**About this exercise:**
Give back an exact copy of the lines in the records below, from the line that has "k 0 s = rep" through the line that has "using ICR0_inv_rep_in_parent[OF V]", and nothing besides.

[[ Data listing, beginning ]]

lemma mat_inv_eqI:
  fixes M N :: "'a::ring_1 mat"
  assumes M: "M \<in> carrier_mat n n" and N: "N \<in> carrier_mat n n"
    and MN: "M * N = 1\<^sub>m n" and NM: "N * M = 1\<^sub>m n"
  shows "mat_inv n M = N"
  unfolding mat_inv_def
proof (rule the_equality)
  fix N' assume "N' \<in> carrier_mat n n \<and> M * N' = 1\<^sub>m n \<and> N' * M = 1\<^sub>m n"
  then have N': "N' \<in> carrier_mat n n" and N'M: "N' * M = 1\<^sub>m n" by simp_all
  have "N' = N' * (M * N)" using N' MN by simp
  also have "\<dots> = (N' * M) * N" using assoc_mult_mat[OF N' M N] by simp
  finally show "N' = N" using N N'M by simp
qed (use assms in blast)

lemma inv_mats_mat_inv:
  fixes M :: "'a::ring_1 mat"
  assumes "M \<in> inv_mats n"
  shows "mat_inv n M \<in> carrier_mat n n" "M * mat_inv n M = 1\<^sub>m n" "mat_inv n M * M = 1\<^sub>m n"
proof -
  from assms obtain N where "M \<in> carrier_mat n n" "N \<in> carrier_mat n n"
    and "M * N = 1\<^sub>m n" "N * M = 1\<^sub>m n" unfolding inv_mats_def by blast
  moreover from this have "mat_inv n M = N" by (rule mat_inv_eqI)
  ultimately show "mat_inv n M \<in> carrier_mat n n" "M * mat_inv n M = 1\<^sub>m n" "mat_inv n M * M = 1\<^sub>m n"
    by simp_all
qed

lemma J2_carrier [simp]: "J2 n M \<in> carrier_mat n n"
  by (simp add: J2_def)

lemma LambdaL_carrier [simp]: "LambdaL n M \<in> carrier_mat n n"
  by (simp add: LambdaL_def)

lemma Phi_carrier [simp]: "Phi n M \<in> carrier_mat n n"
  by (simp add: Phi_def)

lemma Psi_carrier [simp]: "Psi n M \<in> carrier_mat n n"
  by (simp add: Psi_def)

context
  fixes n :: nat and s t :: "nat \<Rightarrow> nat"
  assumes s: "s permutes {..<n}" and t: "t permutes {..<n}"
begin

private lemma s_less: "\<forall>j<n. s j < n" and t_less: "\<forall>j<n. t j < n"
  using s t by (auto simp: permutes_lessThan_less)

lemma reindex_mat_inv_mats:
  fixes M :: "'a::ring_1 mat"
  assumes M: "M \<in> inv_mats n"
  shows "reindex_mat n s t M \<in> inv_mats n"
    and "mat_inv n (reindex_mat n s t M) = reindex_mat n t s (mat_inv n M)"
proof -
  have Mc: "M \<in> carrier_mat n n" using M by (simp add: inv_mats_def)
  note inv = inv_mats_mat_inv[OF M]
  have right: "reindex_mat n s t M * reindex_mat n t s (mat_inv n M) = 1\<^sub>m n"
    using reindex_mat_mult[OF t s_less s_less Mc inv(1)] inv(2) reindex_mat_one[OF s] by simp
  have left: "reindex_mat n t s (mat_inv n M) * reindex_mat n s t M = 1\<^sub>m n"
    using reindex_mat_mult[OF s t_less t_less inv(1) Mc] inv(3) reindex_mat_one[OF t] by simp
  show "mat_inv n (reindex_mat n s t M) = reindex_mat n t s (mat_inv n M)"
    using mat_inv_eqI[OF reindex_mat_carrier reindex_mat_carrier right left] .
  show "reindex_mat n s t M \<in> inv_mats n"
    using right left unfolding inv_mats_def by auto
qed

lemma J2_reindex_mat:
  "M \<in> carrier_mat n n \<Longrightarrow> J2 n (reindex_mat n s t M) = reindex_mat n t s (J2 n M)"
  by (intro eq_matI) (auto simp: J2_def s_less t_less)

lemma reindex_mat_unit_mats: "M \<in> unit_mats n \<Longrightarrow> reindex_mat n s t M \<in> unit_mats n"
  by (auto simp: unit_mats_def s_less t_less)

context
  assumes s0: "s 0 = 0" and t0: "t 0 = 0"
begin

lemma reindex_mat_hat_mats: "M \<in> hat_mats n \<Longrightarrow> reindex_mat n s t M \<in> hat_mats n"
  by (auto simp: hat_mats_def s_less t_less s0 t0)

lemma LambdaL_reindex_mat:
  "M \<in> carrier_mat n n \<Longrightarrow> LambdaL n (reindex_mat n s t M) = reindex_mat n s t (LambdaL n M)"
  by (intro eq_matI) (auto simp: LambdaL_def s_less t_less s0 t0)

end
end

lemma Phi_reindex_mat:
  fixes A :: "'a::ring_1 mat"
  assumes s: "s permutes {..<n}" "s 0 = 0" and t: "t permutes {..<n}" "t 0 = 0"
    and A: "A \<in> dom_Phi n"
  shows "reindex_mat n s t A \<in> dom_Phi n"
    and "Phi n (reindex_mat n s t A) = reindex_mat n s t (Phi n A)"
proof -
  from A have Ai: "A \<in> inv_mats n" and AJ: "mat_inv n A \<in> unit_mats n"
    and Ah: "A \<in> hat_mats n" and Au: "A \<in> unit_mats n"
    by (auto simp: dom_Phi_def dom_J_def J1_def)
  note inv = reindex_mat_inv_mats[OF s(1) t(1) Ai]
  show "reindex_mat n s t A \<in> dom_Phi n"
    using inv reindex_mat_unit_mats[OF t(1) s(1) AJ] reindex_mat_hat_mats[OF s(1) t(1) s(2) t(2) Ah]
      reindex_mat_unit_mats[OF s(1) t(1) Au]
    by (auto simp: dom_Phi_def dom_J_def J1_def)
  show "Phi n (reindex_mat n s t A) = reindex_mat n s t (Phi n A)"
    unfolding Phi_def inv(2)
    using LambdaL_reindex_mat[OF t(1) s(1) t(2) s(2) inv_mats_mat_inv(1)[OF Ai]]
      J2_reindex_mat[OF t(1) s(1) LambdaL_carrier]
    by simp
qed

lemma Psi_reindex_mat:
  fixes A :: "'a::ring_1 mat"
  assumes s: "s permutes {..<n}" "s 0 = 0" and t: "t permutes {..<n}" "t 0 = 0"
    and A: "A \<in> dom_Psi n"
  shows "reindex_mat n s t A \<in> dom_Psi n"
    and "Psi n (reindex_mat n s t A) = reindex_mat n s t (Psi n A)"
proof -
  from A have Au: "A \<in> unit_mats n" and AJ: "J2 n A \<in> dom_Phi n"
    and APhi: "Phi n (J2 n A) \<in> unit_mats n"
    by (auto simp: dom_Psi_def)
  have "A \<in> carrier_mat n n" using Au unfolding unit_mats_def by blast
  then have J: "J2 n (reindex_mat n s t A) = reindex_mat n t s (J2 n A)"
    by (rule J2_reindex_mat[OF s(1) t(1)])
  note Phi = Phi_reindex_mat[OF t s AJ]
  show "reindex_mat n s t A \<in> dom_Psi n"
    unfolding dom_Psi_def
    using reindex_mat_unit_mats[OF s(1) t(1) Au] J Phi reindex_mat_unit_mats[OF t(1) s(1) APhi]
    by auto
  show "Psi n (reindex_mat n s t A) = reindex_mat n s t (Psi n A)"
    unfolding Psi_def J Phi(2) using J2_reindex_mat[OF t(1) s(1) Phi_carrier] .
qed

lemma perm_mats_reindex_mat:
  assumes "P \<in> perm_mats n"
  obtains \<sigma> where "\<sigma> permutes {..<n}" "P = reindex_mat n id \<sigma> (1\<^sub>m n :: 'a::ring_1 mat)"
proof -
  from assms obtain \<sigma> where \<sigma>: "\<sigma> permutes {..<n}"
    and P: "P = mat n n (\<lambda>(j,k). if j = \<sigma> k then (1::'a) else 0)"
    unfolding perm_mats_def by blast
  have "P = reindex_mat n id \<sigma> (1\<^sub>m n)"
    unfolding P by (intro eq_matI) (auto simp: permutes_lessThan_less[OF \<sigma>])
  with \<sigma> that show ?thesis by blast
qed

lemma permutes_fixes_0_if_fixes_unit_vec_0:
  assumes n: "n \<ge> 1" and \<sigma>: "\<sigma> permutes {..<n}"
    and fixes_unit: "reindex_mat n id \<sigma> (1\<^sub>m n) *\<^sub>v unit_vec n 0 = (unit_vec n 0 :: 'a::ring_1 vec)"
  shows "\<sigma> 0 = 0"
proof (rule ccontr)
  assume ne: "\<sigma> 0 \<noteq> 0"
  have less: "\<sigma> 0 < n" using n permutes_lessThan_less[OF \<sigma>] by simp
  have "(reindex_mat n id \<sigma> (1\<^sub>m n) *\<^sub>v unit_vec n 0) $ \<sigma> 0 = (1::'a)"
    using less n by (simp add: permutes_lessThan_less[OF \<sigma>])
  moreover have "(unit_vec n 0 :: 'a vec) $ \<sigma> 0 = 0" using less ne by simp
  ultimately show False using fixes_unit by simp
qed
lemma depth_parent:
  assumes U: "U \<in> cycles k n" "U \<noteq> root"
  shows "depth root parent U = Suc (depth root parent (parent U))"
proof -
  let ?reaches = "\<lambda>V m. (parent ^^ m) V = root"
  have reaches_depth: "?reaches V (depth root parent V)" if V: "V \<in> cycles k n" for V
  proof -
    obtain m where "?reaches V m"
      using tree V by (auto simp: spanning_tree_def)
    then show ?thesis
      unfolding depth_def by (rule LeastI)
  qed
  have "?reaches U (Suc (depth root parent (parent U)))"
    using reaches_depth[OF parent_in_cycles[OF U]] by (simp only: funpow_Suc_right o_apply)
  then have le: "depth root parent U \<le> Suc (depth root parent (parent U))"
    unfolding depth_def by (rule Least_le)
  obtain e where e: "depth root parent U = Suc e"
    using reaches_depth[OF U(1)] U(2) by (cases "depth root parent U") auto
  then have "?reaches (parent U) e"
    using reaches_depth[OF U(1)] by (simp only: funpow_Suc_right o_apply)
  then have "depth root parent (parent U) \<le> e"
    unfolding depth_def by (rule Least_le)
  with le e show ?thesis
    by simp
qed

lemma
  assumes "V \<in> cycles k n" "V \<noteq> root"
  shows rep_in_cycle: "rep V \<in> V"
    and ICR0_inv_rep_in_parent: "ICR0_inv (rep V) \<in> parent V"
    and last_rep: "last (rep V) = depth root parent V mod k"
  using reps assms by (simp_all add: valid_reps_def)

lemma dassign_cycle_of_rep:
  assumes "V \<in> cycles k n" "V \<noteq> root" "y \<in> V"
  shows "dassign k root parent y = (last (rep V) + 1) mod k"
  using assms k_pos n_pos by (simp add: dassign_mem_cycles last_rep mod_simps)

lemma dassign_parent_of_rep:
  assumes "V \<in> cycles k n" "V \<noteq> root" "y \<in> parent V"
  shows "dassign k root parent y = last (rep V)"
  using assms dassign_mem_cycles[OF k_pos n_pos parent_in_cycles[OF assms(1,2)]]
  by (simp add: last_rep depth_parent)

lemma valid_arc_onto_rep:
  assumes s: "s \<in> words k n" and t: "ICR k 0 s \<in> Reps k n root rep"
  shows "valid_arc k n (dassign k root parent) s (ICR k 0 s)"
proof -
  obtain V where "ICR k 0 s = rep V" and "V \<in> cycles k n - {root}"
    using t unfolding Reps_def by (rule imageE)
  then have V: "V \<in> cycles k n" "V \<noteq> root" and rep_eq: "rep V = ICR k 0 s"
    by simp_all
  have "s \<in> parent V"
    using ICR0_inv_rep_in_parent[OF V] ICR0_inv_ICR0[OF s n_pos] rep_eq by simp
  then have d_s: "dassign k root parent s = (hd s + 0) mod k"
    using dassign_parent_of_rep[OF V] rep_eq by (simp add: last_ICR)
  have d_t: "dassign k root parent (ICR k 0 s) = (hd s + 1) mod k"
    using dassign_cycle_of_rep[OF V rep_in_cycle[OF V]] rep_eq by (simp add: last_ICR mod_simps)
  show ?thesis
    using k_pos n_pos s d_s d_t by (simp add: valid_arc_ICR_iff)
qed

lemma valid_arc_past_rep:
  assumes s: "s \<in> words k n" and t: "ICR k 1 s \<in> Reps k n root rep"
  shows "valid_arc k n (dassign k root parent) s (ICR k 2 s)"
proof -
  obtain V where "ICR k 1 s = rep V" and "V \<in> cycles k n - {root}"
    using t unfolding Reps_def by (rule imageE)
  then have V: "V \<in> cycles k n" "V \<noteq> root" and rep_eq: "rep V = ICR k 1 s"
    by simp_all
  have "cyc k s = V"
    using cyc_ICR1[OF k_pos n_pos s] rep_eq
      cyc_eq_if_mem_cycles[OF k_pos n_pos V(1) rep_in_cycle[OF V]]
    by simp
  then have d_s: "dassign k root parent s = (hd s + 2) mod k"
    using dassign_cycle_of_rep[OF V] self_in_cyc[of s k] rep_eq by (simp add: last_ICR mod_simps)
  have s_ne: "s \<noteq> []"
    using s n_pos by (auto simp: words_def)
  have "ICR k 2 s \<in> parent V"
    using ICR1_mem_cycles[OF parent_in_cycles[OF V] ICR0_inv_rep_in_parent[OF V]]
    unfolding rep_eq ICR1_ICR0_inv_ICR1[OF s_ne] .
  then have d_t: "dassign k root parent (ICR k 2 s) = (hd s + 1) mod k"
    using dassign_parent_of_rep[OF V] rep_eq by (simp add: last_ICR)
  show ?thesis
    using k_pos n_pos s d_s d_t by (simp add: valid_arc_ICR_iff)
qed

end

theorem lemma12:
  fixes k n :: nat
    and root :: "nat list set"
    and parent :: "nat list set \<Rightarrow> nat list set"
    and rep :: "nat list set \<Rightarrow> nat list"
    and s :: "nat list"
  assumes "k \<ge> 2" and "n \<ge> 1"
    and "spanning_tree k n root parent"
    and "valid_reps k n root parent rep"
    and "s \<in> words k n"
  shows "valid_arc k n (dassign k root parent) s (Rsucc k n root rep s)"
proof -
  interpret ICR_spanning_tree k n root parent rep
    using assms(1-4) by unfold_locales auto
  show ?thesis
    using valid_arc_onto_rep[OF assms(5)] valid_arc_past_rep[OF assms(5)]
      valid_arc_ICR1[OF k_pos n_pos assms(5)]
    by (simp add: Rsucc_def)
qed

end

[[ Data listing, end ]]

**Response area:**
  obtain V where "ICR k 0 s = rep V" and "V \<in> cycles k n - {root}"
    using t unfolding Reps_def by (rule imageE)
  then have V: "V \<in> cycles k n" "V \<noteq> root" and rep_eq: "rep V = ICR k 0 s"
    by simp_all
  have "s \<in> parent V"
    using ICR0_inv_rep_in_parent[OF V] ICR0_inv_ICR0[OF s n_pos] rep_eq by simp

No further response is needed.